Cooke told the Examiner that her campaign’s recent internal polling shows she has a 46-point lead in the primary. An internal poll the campaign released in March, when it was still a three-way race, showed Cooke was favored by 43 points.

But Berge says that neither the money nor those out-of-state endorsers are registered to vote in the district, adding that she’s not afraid to push against the party’s establishment to stay in the race. 

“It’s this myth that whoever has the most money will win elections,” Berge said. “On one hand, people say let’s overturn Citizens United, and then the other hand they say, ‘well, we have to only support the person with the most money,’ but we need to support people that are showing up for people in local communities, and let the primary play out, and not put fingers, thumbs on the scale.”

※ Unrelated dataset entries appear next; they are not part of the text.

(* Let $m$ be a positive integer and $p$ a prime such that $m\not\equiv 0\pmod 3$ and $p\equiv 1\pmod 3$. Then there is a constant $\beta>0$ such that for all sufficiently large $X$, \[ \#\{ n \leq X : p_{mp,p}(n)\equiv 1\pmod{2} \} \geq \beta \log\log X . \]
   Context: A partition $\lambda$ of a non-negative integer $n$ is a non-increasing sequence of positive integers (its parts) summing to $n$. For positive integers $A$ and $a$, $\mathrm{mex}_{A,a}(\lambda)$ denotes the smallest positive integer congruent to $a$ modulo $A$ that is not a part of $\lambda$. Then $p_{A,a}(n)$ denotes the number of partitions $\lambda$ of $n$ satisfying $\mathrm{mex}_{A,a}(\lambda)\equiv a \pmod{2A}$. Here $n$ ranges over positive integers. *)

theory Defs
  imports "HOL-Analysis.Analysis" "HOL-Library.Multiset"
begin

definition partitions :: "nat \<Rightarrow> nat multiset set" where
  "partitions n = {L. (\<forall>x\<in>#L. 0 < x) \<and> sum_mset L = n}"

definition mex :: "nat \<Rightarrow> nat \<Rightarrow> nat multiset \<Rightarrow> nat" where
  "mex A a L = (LEAST k. 0 < k \<and> k mod A = a mod A \<and> k \<notin># L)"

definition p_mex :: "nat \<Rightarrow> nat \<Rightarrow> nat \<Rightarrow> nat" where
  "p_mex A a n = card {L \<in> partitions n. mex A a L mod (2 * A) = a mod (2 * A)}"

end

(*
  Modulo 2 everything reduces to Euler's pentagonal number theorem. Franklin's involution shows
  that the number q(n) of partitions of n into distinct parts is odd exactly when n is a
  generalised pentagonal number, and moving the smallest part between a partition and a partition
  into distinct parts shows that sum_x p(x) q(N - x) is odd only for N = 0.

  The mex of L in the class a mod A is a + J A, where J is the index of the first term of
  a, a + A, a + 2A, ... missing from L, and p_{A,a}(n) counts the partitions with J even.
  Modulo 2 this count is sum_j p(n - s_j), s_j the partial sums of the progression, so convolving
  with q shows: #{x <= N : p_{A,a}(x) odd, N - x generalised pentagonal} is odd iff N is some s_j.
  For a = p and A = mp every such N is a multiple of p.

  If p_{A,a}(c) is odd but p_{A,a}(x) is even for c < x <= c + pent(c + 3), then for
  N = c + pent(k), k = c + 1, c + 2, c + 3, only x = c is counted, because no generalised
  pentagonal number lies strictly between pent(k) and pent(k) + k. So p divides three numbers
  with differences 3c + 4 and 3c + 7, hence p divides 3, which p = 1 mod 3 excludes.
  Consecutive odd values therefore grow at most quadratically, and at least (1/2) log log X of
  them lie below X.
*)

theory Submission
  imports Defs "HOL-Library.Z2" "HOL-Real_Asymp.Real_Asymp"
begin

declare add_bit_eq_xor [simp del] mult_bit_eq_and [simp del]

section \<open>Sums and counting modulo 2\<close>

lemma of_nat_bit: "(of_nat n :: bit) = of_bool (odd n)"
  by (induction n) auto

lemma sum_of_bool_atMost:
  fixes N :: nat
  shows "(\<Sum>x\<le>N. of_bool (P x) :: 'a::semiring_1) = of_nat (card {x. x \<le> N \<and> P x})"
proof -
  have "(of_nat (card {x \<in> {..N}. P x}) :: 'a) = (\<Sum>x\<in>{x \<in> {..N}. P x}. 1)" by simp
  also have "\<dots> = (\<Sum>x\<le>N. if P x then 1 else 0)" by (rule sum.inter_filter) simp
  also have "\<dots> = (\<Sum>x\<le>N. of_bool (P x))" by (simp only: of_bool_def)
  finally show ?thesis unfolding atMost_iff by (rule sym)
qed

lemma card_bit_eq_0_if_involution:
  assumes "\<And>x. x \<in> S \<Longrightarrow> f x \<in> S" "\<And>x. x \<in> S \<Longrightarrow> f (f x) = x" "\<And>x. x \<in> S \<Longrightarrow> f x \<noteq> x"
  shows "(of_nat (card S) :: bit) = 0"
proof -
  have "(\<Sum>x\<in>S. 1 :: bit) = 0"
    by (rule sum_involution_eq_0[where h = f]) (use assms in auto)
  then show ?thesis by simp
qed

lemma sum_atMost_convolution_shift:
  fixes f :: "nat \<Rightarrow> nat \<Rightarrow> 'a::comm_monoid_add"
  shows "(\<Sum>x\<le>N. if c \<le> x then f (x - c) (N - x) else 0)
    = (if c \<le> N then \<Sum>y\<le>N - c. f y (N - c - y) else 0)"
proof (cases "c \<le> N")
  case True
  have "(\<Sum>x\<le>N. if c \<le> x then f (x - c) (N - x) else 0) = (\<Sum>x\<in>{c..N}. f (x - c) (N - x))"
    by (rule sum.mono_neutral_cong_right) auto
  also have "\<dots> = (\<Sum>y\<in>{0..N - c}. f (y + c - c) (N - (y + c)))"
    using True sum.shift_bounds_cl_nat_ivl[of "\<lambda>x. f (x - c) (N - x)" 0 c "N - c"] by simp
  also have "\<dots> = (\<Sum>y\<le>N - c. f y (N - c - y))" by (simp add: atLeast0AtMost add.commute)
  finally show ?thesis using True by simp
qed simp

section \<open>Partitions\<close>

lemma mem_le_sum_mset: "x \<in># L \<Longrightarrow> x \<le> sum_mset (L :: nat multiset)"
  by (auto dest!: multi_member_split)

lemma finite_partitions: "finite (partitions n)"
proof (rule finite_subset)
  show "partitions n \<subseteq> (\<Union>k\<le>n. multisets_of_size {1..n} k)"
  proof
    fix L assume "L \<in> partitions n"
    then have L: "\<forall>x\<in>#L. 0 < x" "sum_mset L = n" unfolding partitions_def by auto
    have "set_mset L \<subseteq> {1..n}" using L mem_le_sum_mset[of _ L] by (auto simp: Suc_le_eq)
    moreover have "size L \<le> sum_mset L"
      using L(1) by (induction L) auto
    ultimately show "L \<in> (\<Union>k\<le>n. multisets_of_size {1..n} k)"
      unfolding multisets_of_size_def using L(2) by auto
  qed
qed auto

lemma partitions_0: "partitions 0 = {{#}}"
proof -
  have "L = {#}" if "\<forall>x\<in>#L. 0 < x" "sum_mset L = 0" for L :: "nat multiset"
  proof -
    have "\<forall>x\<in>#L. x = 0" using that(2) by simp
    with that(1) show ?thesis by (metis less_irrefl multiset_nonemptyE)
  qed
  then show ?thesis unfolding partitions_def by auto
qed

definition distinct_partitions :: "nat \<Rightarrow> nat set set" where
  "distinct_partitions n = {D. finite D \<and> 0 \<notin> D \<and> \<Sum>D = n}"

lemma distinct_partitions_subset: "distinct_partitions n \<subseteq> Pow {1..n}"
proof
  fix D assume "D \<in> distinct_partitions n"
  then have D: "finite D" "0 \<notin> D" "\<Sum>D = n" by (auto simp: distinct_partitions_def)
  have "x \<le> n" if "x \<in> D" for x using D that member_le_sum[of x D id] by auto
  moreover have "1 \<le> x" if "x \<in> D" for x using D(2) that by (cases x) auto
  ultimately show "D \<in> Pow {1..n}" by auto
qed

lemma finite_distinct_partitions: "finite (distinct_partitions n)"
  using distinct_partitions_subset finite_subset by blast

lemma distinct_partitions_0: "distinct_partitions 0 = {{}}"
  unfolding distinct_partitions_def by (auto simp: gr0I)

definition exchange_smallest :: "nat \<times> nat multiset \<times> nat set \<Rightarrow> nat \<times> nat multiset \<times> nat set" where
  "exchange_smallest = (\<lambda>(x, L, D). let s = Min (set_mset L \<union> D) in
     if s \<in> D then (x + s, add_mset s L, D - {s}) else (x - s, L - {#s#}, insert s D))"

lemma exchange_smallest_from_distinct:
  assumes "s = Min (set_mset L \<union> D)" "s \<in> D"
  shows "exchange_smallest (x, L, D) = (x + s, add_mset s L, D - {s})"
    and "exchange_smallest (x + s, add_mset s L, D - {s}) = (x, L, D)"
proof -
  have "set_mset (add_mset s L) \<union> (D - {s}) = set_mset L \<union> D" using assms(2) by auto
  then show "exchange_smallest (x, L, D) = (x + s, add_mset s L, D - {s})"
    and "exchange_smallest (x + s, add_mset s L, D - {s}) = (x, L, D)"
    using assms(2) by (simp_all add: exchange_smallest_def Let_def assms(1)[symmetric] insert_absorb)
qed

Citizens United was a 2010 U.S. Supreme Court ruling that found it is unconstitutional to place limits on the political spending of corporations and labor unions on the grounds that doing so violates the 1st Amendment. 

When voters in the primary head to the polls in August, they’ll be weighing if they should nominate Cooke — who previously lost the 2022 primary for the seat, won the 2024 primary but went on to lose that year to Van Orden. Berge said that on the trail, voters frequently mention Cooke’s 0-2 record as a concern. 

“That does come up as probably the number one thing that people say is that well, she’s lost twice, and that’s why they’re voting for me, because they appreciate I’ve been elected three times,” Berge said. 

But Cooke says that her loss to Van Orden by less than three percentage points, in a year in which the national political landscape favored Republicans, is an asset, not a flaw. 

“I don’t think there is any skepticism about electability,” she said. “I outperformed every Democrat on the ticket in 2024. I outperformed [Kamala] Harris by 9,000 votes, and I outperformed our senator, Tammy Baldwin, by 5,000 votes in this district. And so, in what was a red wave year to perform that well, I think we’re feeling really good about our chances this cycle.”